Böyle bir tehlike hiç yok diyebilir misiniz? Kimse diyemez bunu; tarihin hiçbir dönemi ve coğrafyasında, hiçbir insan topluluğu için böyle bir kesinlikten söz edilemez. Öyleyse bunun önünü daha baştan almak gerekir. Bu da 121. madde metninde çok küçük bir değişiklikle yapılabilir. Gelen itirazlar karşısında AKP sözcüleri günlerdir “maddenin yalnızca 15 Temmuz ve 16 Temmuz 2016’da yaşanan olayları kapsadığını” söylüyor. Madem öyle, buna uygun bir ifade düzeltmesi yapıp her türlü şüpheden kurtulmak, hükümetin kastına aykırı bir tâviz anlamına gelmez ve hiç de zor olmasa gerek.

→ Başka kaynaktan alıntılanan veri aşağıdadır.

(* In the standing setting below, let $X_i=(x_i,u_i)\in\mathbb{X}\times\mathbb{R}$ for $i=0,1$. Then for every $x\in\mathbb{X}$, $$F_{X_0X_1}(x)=\sup\Big(\bigcup_{i=0,1}\{-c(x,y)+c(x_i,y)+u_i:\ y\in\mathbb{Y},\ -c(x_{i+1},y)+c(x_i,y)+u_i\le u_{i+1}\}\Big),$$ where indices are taken modulo 2 (so $x_{1+1}=x_0$, $u_{1+1}=u_0$).
   Context: Standing setting: $\mathbb{X},\mathbb{Y}\subset\mathbb{R}^n$ are compact with non-empty interior; $c:\mathbb{X}\times\mathbb{Y}\to\mathbb{R}$ has continuous $D_xc$, $D_yc$, and continuous mixed second derivatives with $D^2_{xy}c=(D^2_{yx}c)^T$; for each $x$ the map $y\mapsto -D_xc(x,y)$ is injective on $\mathbb{Y}$ and for each $y$ the map $x\mapsto -D_yc(x,y)$ is injective on $\mathbb{X}$; $D^2_{xy}c(x,y)$ is invertible everywhere; for every $y$ the set $\{-D_yc(x,y):x\in\mathbb{X}\}$ is convex and for every $x$ the set $\{-D_xc(x,y):y\in\mathbb{Y}\}$ is convex. $c$-chord: for $X_i=(x_i,u_i)\in\mathbb{X}\times\mathbb{R}$, $F_{X_0X_1}(x)=\sup\{-c(x,y)+h: y\in\mathbb{Y},h\in\mathbb{R},-c(x_i,y)+h\le u_i, i=0,1\}$. *)

theory Defs
  imports "HOL-Analysis.Analysis"
begin

definition standing_setting ::
  "(real^'n) set \<Rightarrow> (real^'n) set \<Rightarrow> (real^'n \<Rightarrow> real^'n \<Rightarrow> real) \<Rightarrow> bool" where
  "standing_setting X Y c \<longleftrightarrow>
     compact X \<and> compact Y \<and> interior X \<noteq> {} \<and> interior Y \<noteq> {} \<and>
     (\<exists>(Dx :: real^'n \<Rightarrow> real^'n \<Rightarrow> real^'n) (Dy :: real^'n \<Rightarrow> real^'n \<Rightarrow> real^'n)
        (Dxy :: real^'n \<Rightarrow> real^'n \<Rightarrow> real^'n^'n) (Dyx :: real^'n \<Rightarrow> real^'n \<Rightarrow> real^'n^'n).
       (\<forall>x\<in>X. \<forall>y\<in>Y. ((\<lambda>x'. c x' y) has_derivative (\<lambda>h. Dx x y \<bullet> h)) (at x within X)) \<and>
       (\<forall>x\<in>X. \<forall>y\<in>Y. ((\<lambda>y'. c x y') has_derivative (\<lambda>k. Dy x y \<bullet> k)) (at y within Y)) \<and>
       continuous_on (X \<times> Y) (\<lambda>(x, y). Dx x y) \<and>
       continuous_on (X \<times> Y) (\<lambda>(x, y). Dy x y) \<and>
       (\<forall>x\<in>X. \<forall>y\<in>Y. ((\<lambda>y'. Dx x y') has_derivative (\<lambda>k. Dxy x y *v k)) (at y within Y)) \<and>
       (\<forall>x\<in>X. \<forall>y\<in>Y. ((\<lambda>x'. Dy x' y) has_derivative (\<lambda>h. Dyx x y *v h)) (at x within X)) \<and>
       continuous_on (X \<times> Y) (\<lambda>(x, y). Dxy x y) \<and>
       continuous_on (X \<times> Y) (\<lambda>(x, y). Dyx x y) \<and>
       (\<forall>x\<in>X. \<forall>y\<in>Y. Dxy x y = transpose (Dyx x y)) \<and>
       (\<forall>x\<in>X. inj_on (\<lambda>y. - Dx x y) Y) \<and>
       (\<forall>y\<in>Y. inj_on (\<lambda>x. - Dy x y) X) \<and>
       (\<forall>x\<in>X. \<forall>y\<in>Y. invertible (Dxy x y)) \<and>
       (\<forall>y\<in>Y. convex ((\<lambda>x. - Dy x y) ` X)) \<and>
       (\<forall>x\<in>X. convex ((\<lambda>y. - Dx x y) ` Y)))"

definition c_chord ::
  "(real^'n) set \<Rightarrow> (real^'n \<Rightarrow> real^'n \<Rightarrow> real) \<Rightarrow> real^'n \<Rightarrow> real \<Rightarrow> real^'n \<Rightarrow> real
     \<Rightarrow> real^'n \<Rightarrow> real" where
  "c_chord Y c x0 u0 x1 u1 x =
     Sup {- c x y + h | y h. y \<in> Y \<and> - c x0 y + h \<le> u0 \<and> - c x1 y + h \<le> u1}"

end

theory Submission
  imports Defs
begin

text \<open>For fixed \<open>y\<close> the admissible heights are exactly \<open>h \<le> min (c x0 y + u0) (c x1 y + u1)\<close>,
so the chord is the supremum of \<open>min (c x0 y + u0) (c x1 y + u1) - c x y\<close> over \<open>y \<in> Y\<close>; the
minimum is the first term precisely when the constraint at \<open>x1\<close> holds for it, and the
second term precisely when the constraint at \<open>x0\<close> holds.\<close>

text \<open>Stated without boundedness or non-emptiness: the real \<open>Sup\<close> is the least upper bound
by definition, so it only depends on the set of upper bounds, junk values included.\<close>

lemma Sup_real_eq_cofinal_subset:
  fixes S T :: "real set"
  assumes "T \<subseteq> S" and "\<And>s. s \<in> S \<Longrightarrow> \<exists>t\<in>T. s \<le> t"
  shows "Sup S = Sup T"
proof -
  have "(\<forall>s\<in>S. s \<le> z) \<longleftrightarrow> (\<forall>t\<in>T. t \<le> z)" for z
    using assms by (meson order_trans subsetD)
  then show ?thesis
    unfolding Sup_real_def by simp
qed

lemma c_chord_eq_Sup_min:
  "c_chord Y c x0 u0 x1 u1 x = Sup {min (c x0 y + u0) (c x1 y + u1) - c x y | y. y \<in> Y}"
  unfolding c_chord_def
proof (rule Sup_real_eq_cofinal_subset)
  show "{min (c x0 y + u0) (c x1 y + u1) - c x y | y. y \<in> Y}
      \<subseteq> {- c x y + h | y h. y \<in> Y \<and> - c x0 y + h \<le> u0 \<and> - c x1 y + h \<le> u1}"
    by (force simp: min_def)
  show "\<exists>t\<in>{min (c x0 y + u0) (c x1 y + u1) - c x y | y. y \<in> Y}. s \<le> t"
    if "s \<in> {- c x y + h | y h. y \<in> Y \<and> - c x0 y + h \<le> u0 \<and> - c x1 y + h \<le> u1}" for s
    using that by fastforce
qed

lemma Collect_min_eq_Un:
  fixes a b :: "'a \<Rightarrow> real"
  shows "{min (a y) (b y) | y. y \<in> Y} = {a y | y. y \<in> Y \<and> a y \<le> b y} \<union> {b y | y. y \<in> Y \<and> b y \<le> a y}"
  by (auto simp: min_def) (metis nle_le)

theorem lemma3p3:
  fixes X Y :: "(real^'n) set" and c :: "real^'n \<Rightarrow> real^'n \<Rightarrow> real"
    and x0 x1 x :: "real^'n" and u0 u1 :: real
  assumes "standing_setting X Y c"
    and "x0 \<in> X" and "x1 \<in> X" and "x \<in> X"
  shows "c_chord Y c x0 u0 x1 u1 x =
    Sup ({- c x y + c x0 y + u0 | y. y \<in> Y \<and> - c x1 y + c x0 y + u0 \<le> u1}
       \<union> {- c x y + c x1 y + u1 | y. y \<in> Y \<and> - c x0 y + c x1 y + u1 \<le> u0})"
proof -
  have "{min (c x0 y + u0) (c x1 y + u1) - c x y | y. y \<in> Y}
      = {min (c x0 y + u0 - c x y) (c x1 y + u1 - c x y) | y. y \<in> Y}"
    by (simp add: min_diff_distrib_left)
  also have "\<dots> = {- c x y + c x0 y + u0 | y. y \<in> Y \<and> - c x1 y + c x0 y + u0 \<le> u1}
       \<union> {- c x y + c x1 y + u1 | y. y \<in> Y \<and> - c x0 y + c x1 y + u1 \<le> u0}"
    unfolding Collect_min_eq_Un by (auto simp: algebra_simps)
  finally show ?thesis
    by (simp add: c_chord_eq_Sup_min)
qed

end
end

(* Each round is individually rational (an agent pays at most its reservation price D, which
   is attained because u_i is upper semicontinuous) and preserves the total endowment, so the
   iterates stay in the closed convex set of feasible allocations that every agent weakly prefers
   to x^0.  Assumption (A) says that this set has no direction of recession, hence it is bounded.
   In the round following x^t, agent i pays p . xbar_i although it would accept to pay D(xbar_i);
   the difference, its surplus, is received as a multiple of g, and the surpluses add up to
   CS(x^t) since prices vanish on the balanced trade xbar.  By (B) and concavity a surplus s
   raises u_i by at least delta_i s, and CS can only decrease along utility-improving
   reallocations, so summing over the rounds gives
   t CS(x^t) <= sum_i (u_i(x^t_i) - u_i(x^0_i)) / delta_i.  A cluster point has the same total
   and dominates every x^t in utility, so CS vanishes there, and a Pareto improvement of it would
   create a positive surplus. *)

theory Submission
  imports Defs
begin

section \<open>Upper semicontinuous concave functions\<close>

lemma usc_closed_superlevel:
  assumes "usc f"
  shows "closed {z. c \<le> f z}"
proof -
  have "open (- {z. c \<le> f z})"
  proof (subst open_subopen, intro ballI)
    fix z assume "z \<in> - {z. c \<le> f z}"
    then have "f z < c" by auto
    then have "Limsup (at z) f < c" using assms unfolding usc_def by (meson le_less_trans)
    then have "eventually (\<lambda>y. f y < c) (at z)" by (rule Limsup_lessD)
    then obtain T where T: "open T" "z \<in> T" "\<And>y. y \<in> T \<Longrightarrow> y \<noteq> z \<Longrightarrow> f y < c"
      unfolding eventually_at_topological by blast
    have "T \<subseteq> - {z. c \<le> f z}"
    proof
      fix y assume "y \<in> T"
      then have "f y < c" using T(3) \<open>f z < c\<close> by (cases "y = z") auto
      then show "y \<in> - {z. c \<le> f z}" by simp
    qed
    with T(1,2) show "\<exists>T. open T \<and> z \<in> T \<and> T \<subseteq> - {z. c \<le> f z}" by blast
  qed
  then show ?thesis by (simp add: closed_def)
qed
(* Let $G=K(n_1,\dots,n_s)$ be a complete $s$-partite graph ($s\ge 2$) with parts $V_1,\dots,V_s$, $|V_j|=n_j$. If $j\in\{1,\dots,s\}$ satisfies $n_j\ge 2$, then $\chi_1(G)=\chi_1(G-V_j)+1$.
   Context: A map $f:V(G)\to\{1,\dots,k\}$ is a $1$-relaxed $k$-coloring if every vertex $u$ has at most one neighbor $v$ with $f(v)=f(u)$; $\chi_1(G)$ is the minimum $k$ for which such a coloring exists. $G-V_j$ is the graph obtained by deleting the vertices of $V_j$. *)

theory Defs
  imports Main
begin

text \<open>A simple graph is given by a vertex set V and a symmetric irreflexive
  adjacency relation E. Induced subgraphs are obtained by shrinking V.\<close>

definition relaxed1_coloring ::
  "'a set \<Rightarrow> ('a \<Rightarrow> 'a \<Rightarrow> bool) \<Rightarrow> nat \<Rightarrow> ('a \<Rightarrow> nat) \<Rightarrow> bool" where
  "relaxed1_coloring V E k f \<longleftrightarrow>
     (\<forall>u\<in>V. f u \<in> {1..k}) \<and>
     (\<forall>u\<in>V. card {v\<in>V. E u v \<and> f v = f u} \<le> 1)"

definition chi1 :: "'a set \<Rightarrow> ('a \<Rightarrow> 'a \<Rightarrow> bool) \<Rightarrow> nat" where
  "chi1 V E = (LEAST k. \<exists>f. relaxed1_coloring V E k f)"

text \<open>Complete multipartite graph K(n_1,...,n_s): vertex (j,i) lies in part V_j
  (1 \<le> j \<le> s, i < n_j); two vertices are adjacent iff they lie in different parts.\<close>

definition kpart_vertices :: "nat \<Rightarrow> (nat \<Rightarrow> nat) \<Rightarrow> (nat \<times> nat) set" where
  "kpart_vertices s n = {(j, i). j \<in> {1..s} \<and> i < n j}"

definition kpart_part :: "(nat \<Rightarrow> nat) \<Rightarrow> nat \<Rightarrow> (nat \<times> nat) set" where
  "kpart_part n j = {(j, i) | i. i < n j}"

definition kpart_adj :: "nat \<times> nat \<Rightarrow> nat \<times> nat \<Rightarrow> bool" where
  "kpart_adj x y \<longleftrightarrow> fst x \<noteq> fst y"

end

theory Submission
  imports Defs
begin

(* The part V_j is an independent set containing two vertices a, b and joined to every
   other vertex.  A colouring of G - V_j extends to G by giving V_j one fresh colour.
   Conversely, all of G - V_j are common neighbours of a and b, so in a colouring of G
   each of their colours occurs at most once in G - V_j; merging the colour of b into
   that of a therefore keeps G - V_j 1-relaxed and frees one colour. *)

lemma relaxed1_coloring_injective:
  assumes "inj_on f V" "f ` V \<subseteq> {1..k}"
  shows "relaxed1_coloring V E k f"
proof -
  have "card {v\<in>V. E u v \<and> f v = f u} \<le> 1" if "u \<in> V" for u
  proof -
    have "{v\<in>V. E u v \<and> f v = f u} \<subseteq> {u}"
      using assms(1) that by (auto dest: inj_onD)
    then show ?thesis
      using card_mono[of "{u}"] by fastforce
  qed
  then show ?thesis
    using assms(2) unfolding relaxed1_coloring_def by blast
qed

lemma relaxed1_colorable:
  assumes "finite V"
  shows "\<exists>f. relaxed1_coloring V E (card V) f"
proof -
  obtain h where "bij_betw h V {0..<card V}"
    using ex_bij_betw_finite_nat[OF assms] by blast
  then have "inj_on (Suc \<circ> h) V" "(Suc \<circ> h) ` V \<subseteq> {1..card V}"
    by (auto simp: bij_betw_def inj_on_def Suc_le_eq dest: equalityD1)
  then show ?thesis
    using relaxed1_coloring_injective by blast
qed

lemma chi1_attained:
  assumes "finite V"
  shows "\<exists>f. relaxed1_coloring V E (chi1 V E) f"
  using relaxed1_colorable[OF assms, of E] unfolding chi1_def by (rule LeastI)

lemma chi1_le:
  assumes "relaxed1_coloring V E k f"
  shows "chi1 V E \<le> k"
  unfolding chi1_def using assms by (blast intro: Least_le)

lemma relaxed1_coloring_subset:
  assumes "finite V" "relaxed1_coloring V E k f" "W \<subseteq> V"
  shows "relaxed1_coloring W E k f"
proof -
  have "card {v\<in>W. E u v \<and> f v = f u} \<le> card {v\<in>V. E u v \<and> f v = f u}" for u
    using assms(1,3) by (intro card_mono) auto
  then show ?thesis
    using assms(2,3) unfolding relaxed1_coloring_def by (meson le_trans subsetD)
qed

lemma relaxed1_coloring_extend_fresh_colour:
  assumes "relaxed1_coloring W E k f" "W \<subseteq> V"
    and "\<forall>u\<in>V - W. \<forall>v\<in>V - W. \<not> E u v"
  shows "relaxed1_coloring V E (Suc k) (\<lambda>v. if v \<in> W then f v else Suc k)"
    (is "relaxed1_coloring V E (Suc k) ?g")
proof -
  have f_range: "\<forall>u\<in>W. f u \<in> {1..k}"
    using assms(1) unfolding relaxed1_coloring_def by blast
  have classes: "card {v\<in>V. E u v \<and> ?g v = ?g u} \<le> 1" if "u \<in> V" for u
  proof (cases "u \<in> W")
    case True
    then have "{v\<in>V. E u v \<and> ?g v = ?g u} = {v\<in>W. E u v \<and> f v = f u}"
      using assms(2) f_range by auto
    then show ?thesis
      using assms(1) True unfolding relaxed1_coloring_def by simp
  next
    case False
    then have "{v\<in>V. E u v \<and> ?g v = ?g u} = {}"
      using that assms(3) f_range by auto
    then show ?thesis
      by (metis card.empty zero_le_one)
  qed
  moreover have "?g u \<in> {1..Suc k}" for u
    using f_range by auto
  ultimately show ?thesis
    unfolding relaxed1_coloring_def by blast
qed

lemma relaxed1_coloring_merge_colours:
  assumes "finite V" "irreflp E" "relaxed1_coloring V E k f" "c \<in> {1..k}"
    and "card {v\<in>V. f v = c \<or> f v = d} \<le> 2"
  shows "relaxed1_coloring V E k (\<lambda>v. if f v = d then c else f v)"
    (is "relaxed1_coloring V E k ?g")
proof -
  have classes: "card {v\<in>V. E u v \<and> ?g v = ?g u} \<le> 1" if "u \<in> V" for u
  proof (cases "?g u = c")
    case True
    let ?merged = "{v\<in>V. f v = c \<or> f v = d}"
    have "{v\<in>V. E u v \<and> ?g v = ?g u} \<subseteq> ?merged - {u}"
      using True assms(2) by (auto simp: irreflp_def split: if_splits)
    then have "card {v\<in>V. E u v \<and> ?g v = ?g u} \<le> card (?merged - {u})"
      using assms(1) by (intro card_mono) auto
    also have "\<dots> = card ?merged - 1"
      using True that by (auto split: if_splits)
    finally show ?thesis
      using assms(5) by linarith
  next
    case False
    then have "{v\<in>V. E u v \<and> ?g v = ?g u} = {v\<in>V. E u v \<and> f v = f u}"
      by (auto split: if_splits)
    then show ?thesis
      using assms(3) that unfolding relaxed1_coloring_def by simp
  qed
  moreover have "?g u \<in> {1..k}" if "u \<in> V" for u
    using assms(3,4) that unfolding relaxed1_coloring_def by auto
  ultimately show ?thesis
    unfolding relaxed1_coloring_def by blast
qed

lemma relaxed1_coloring_drop_unused_colour:
  assumes "relaxed1_coloring V E k f" "d \<in> {1..k}" "\<forall>v\<in>V. f v \<noteq> d"
  shows "relaxed1_coloring V E (k - 1) (\<lambda>v. if f v = k then d else f v)"
    (is "relaxed1_coloring V E (k - 1) ?g")
proof -
  have f_range: "\<forall>u\<in>V. f u \<in> {1..k}"
    using assms(1) unfolding relaxed1_coloring_def by blast
  have same_classes: "{v\<in>V. E u v \<and> ?g v = ?g u} = {v\<in>V. E u v \<and> f v = f u}"
    if "u \<in> V" for u
    using assms(3) that by auto
  have "card {v\<in>V. E u v \<and> ?g v = ?g u} \<le> 1" if "u \<in> V" for u
    unfolding same_classes[OF that] using assms(1) that unfolding relaxed1_coloring_def by blast
  moreover have "?g u \<in> {1..k - 1}" if "u \<in> V" for u
  proof -
    have "f u \<in> {1..k}" "f u \<noteq> d"
      using f_range assms(3) that by auto
    show ?thesis
    proof (cases "f u = k")
      case True
      with \<open>f u \<noteq> d\<close> assms(2) show ?thesis
        by (simp; linarith)
    next
      case False
      with \<open>f u \<in> {1..k}\<close> show ?thesis
        by (simp; linarith)
    qed
  qed
  ultimately show ?thesis
    unfolding relaxed1_coloring_def by blast
qed

lemma relaxed1_coloring_common_neighbours_save_colour:
  assumes "finite V" "symp E" "irreflp E" "relaxed1_coloring V E k f" "W \<subseteq> V"
    and "a \<in> V" "b \<in> V" "a \<noteq> b" "\<forall>x\<in>W. E a x \<and> E b x"
  shows "\<exists>g. relaxed1_coloring W E (k - 1) g"
proof -
  have f_range: "f a \<in> {1..k}" "f b \<in> {1..k}"
    using assms(4,6,7) unfolding relaxed1_coloring_def by auto
  have at_most_once: "card {v\<in>W. f v = f x} \<le> 1" if "x \<in> {a, b}" for x
  proof -
    have "card {v\<in>W. f v = f x} \<le> card {v\<in>V. E x v \<and> f v = f x}"
      using assms(1,5,9) that by (intro card_mono) auto
    also have "\<dots> \<le> 1"
      using assms(4,6,7) that unfolding relaxed1_coloring_def by auto
    finally show ?thesis .
  qed
  have "{v\<in>W. f v = f a \<or> f v = f b} = {v\<in>W. f v = f a} \<union> {v\<in>W. f v = f b}"
    by auto
  then have "card {v\<in>W. f v = f a \<or> f v = f b}
      \<le> card {v\<in>W. f v = f a} + card {v\<in>W. f v = f b}"
    by (simp only: card_Un_le)
  also have "\<dots> \<le> 2"
    using at_most_once[of a] at_most_once[of b] by simp
  finally have "card {v\<in>W. f v = f a \<or> f v = f b} \<le> 2" .
  moreover have "finite W"
    using assms(1,5) finite_subset by blast
  moreover have "relaxed1_coloring W E k f"
    using assms(1,4,5) by (rule relaxed1_coloring_subset)
  ultimately have merged: "relaxed1_coloring W E k (\<lambda>v. if f v = f b then f a else f v)"
    using relaxed1_coloring_merge_colours assms(3) f_range(1) by blast
  \<comment> \<open>If f a = f b the merge changes nothing, and that colour is absent from W:
    a vertex of W carrying it would see both a and b in its own colour.\<close>
  have "\<forall>v\<in>W. (if f v = f b then f a else f v) \<noteq> f b"
  proof (intro ballI notI)
    fix v
    assume "v \<in> W" and "(if f v = f b then f a else f v) = f b"
    then have "f a = f v" "f b = f v" "v \<in> V"
      using assms(5) by (auto split: if_splits)
    moreover have "E v a" "E v b"
      using \<open>v \<in> W\<close> assms(2,9) by (auto dest: sympD)
    ultimately have "{a, b} \<subseteq> {w\<in>V. E v w \<and> f w = f v}"
      using assms(6,7) by auto
    then have "card {a, b} \<le> card {w\<in>V. E v w \<and> f w = f v}"
      using assms(1) by (intro card_mono) auto
    also have "\<dots> \<le> 1"
      using assms(4) \<open>v \<in> V\<close> unfolding relaxed1_coloring_def by blast
    finally show False
      using assms(8) by simp
  qed
  then show ?thesis
    using relaxed1_coloring_drop_unused_colour[OF merged f_range(2)] by blast
qed

lemma chi1_join_independent_set:
  assumes "finite V" "symp E" "irreflp E" "W \<subseteq> V"
    and "\<forall>u\<in>V - W. \<forall>v\<in>V - W. \<not> E u v" "\<forall>u\<in>V - W. \<forall>v\<in>W. E u v"
    and "a \<in> V - W" "b \<in> V - W" "a \<noteq> b"
  shows "chi1 V E = chi1 W E + 1"
proof -
  have "finite W"
    using assms(1,4) finite_subset by blast
  then obtain f_W where "relaxed1_coloring W E (chi1 W E) f_W"
    using chi1_attained by blast
  then have "relaxed1_coloring V E (Suc (chi1 W E)) (\<lambda>v. if v \<in> W then f_W v else Suc (chi1 W E))"
    using assms(4,5) by (rule relaxed1_coloring_extend_fresh_colour)
  then have upper: "chi1 V E \<le> chi1 W E + 1"
    using chi1_le by fastforce
  obtain f_V where f_V: "relaxed1_coloring V E (chi1 V E) f_V"
    using chi1_attained assms(1) by blast
  have "\<exists>g. relaxed1_coloring W E (chi1 V E - 1) g"
    using assms(6-9)
    by (intro relaxed1_coloring_common_neighbours_save_colour[OF assms(1-3) f_V assms(4)]) auto
  then have lower: "chi1 W E \<le> chi1 V E - 1"
    using chi1_le by blast
  have "chi1 V E \<ge> 1"
    using f_V assms(7) unfolding relaxed1_coloring_def by auto
  with upper lower show ?thesis
    by linarith
qed

lemma finite_kpart_vertices: "finite (kpart_vertices s n)"
proof -
  have "kpart_vertices s n = Sigma {1..s} (\<lambda>j. {..<n j})"
    unfolding kpart_vertices_def by auto
  then show ?thesis
    by simp
qed

lemma symp_kpart_adj: "symp kpart_adj"
  unfolding symp_def kpart_adj_def by simp

lemma irreflp_kpart_adj: "irreflp kpart_adj"
  unfolding irreflp_def kpart_adj_def by simp

lemma kpart_part_subset:
  assumes "j \<in> {1..s}"
  shows "kpart_part n j \<subseteq> kpart_vertices s n"
  using assms unfolding kpart_part_def kpart_vertices_def by auto

theorem corollary4p2:
  fixes s :: nat and n :: "nat \<Rightarrow> nat" and j :: nat
  assumes "s \<ge> 2"
    and "\<forall>i\<in>{1..s}. n i \<ge> 1"
    and "j \<in> {1..s}"
    and "n j \<ge> 2"
  shows "chi1 (kpart_vertices s n) kpart_adj
         = chi1 (kpart_vertices s n - kpart_part n j) kpart_adj + 1"
proof -
  let ?V = "kpart_vertices s n" and ?P = "kpart_part n j"
  have removed_part: "?V - (?V - ?P) = ?P"
    using kpart_part_subset[OF assms(3)] by blast
  have "(j, 0) \<in> ?P" "(j, 1) \<in> ?P"
    using assms(4) unfolding kpart_part_def by auto
  moreover have "\<forall>u\<in>?P. \<forall>v\<in>?P. \<not> kpart_adj u v" "\<forall>u\<in>?P. \<forall>v\<in>?V - ?P. kpart_adj u v"
    unfolding kpart_part_def kpart_vertices_def kpart_adj_def by auto
  ultimately show ?thesis
    using finite_kpart_vertices symp_kpart_adj irreflp_kpart_adj
    by (intro chi1_join_independent_set[where a = "(j, 0)" and b = "(j, 1)"])
      (simp_all add: removed_part)
qed

end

Ama o zman (1) (Muhrrem Sarıkaya’nın bir yazısındaki ifdeyle) “AK Parti’nin hukukçu milletvekillerinin, KHK’nın 121’inci maddesinin yazım diline tepkili olduğu söylenen ağırlıklı bir bölümü”nün de niçin esamesi okunmuyor bu konuda? (2) Abdullah Gül’ün benzer doğrultudaki, ölçülü ve mutedil eleştirisine gösterilen aşırı tepkinin nedeni nedir? (3) Başbakan Binali Yıldırım niçin “Hiçbir düzeltme yapılmayacak” noktasında ısrarlı? En önemlisi (4) AKP milletvekili (ve Anayasa Hukuku profesörü) Burhan Kuzu’nun twitter’daki yalpalaması nasıl yorumlanabilir?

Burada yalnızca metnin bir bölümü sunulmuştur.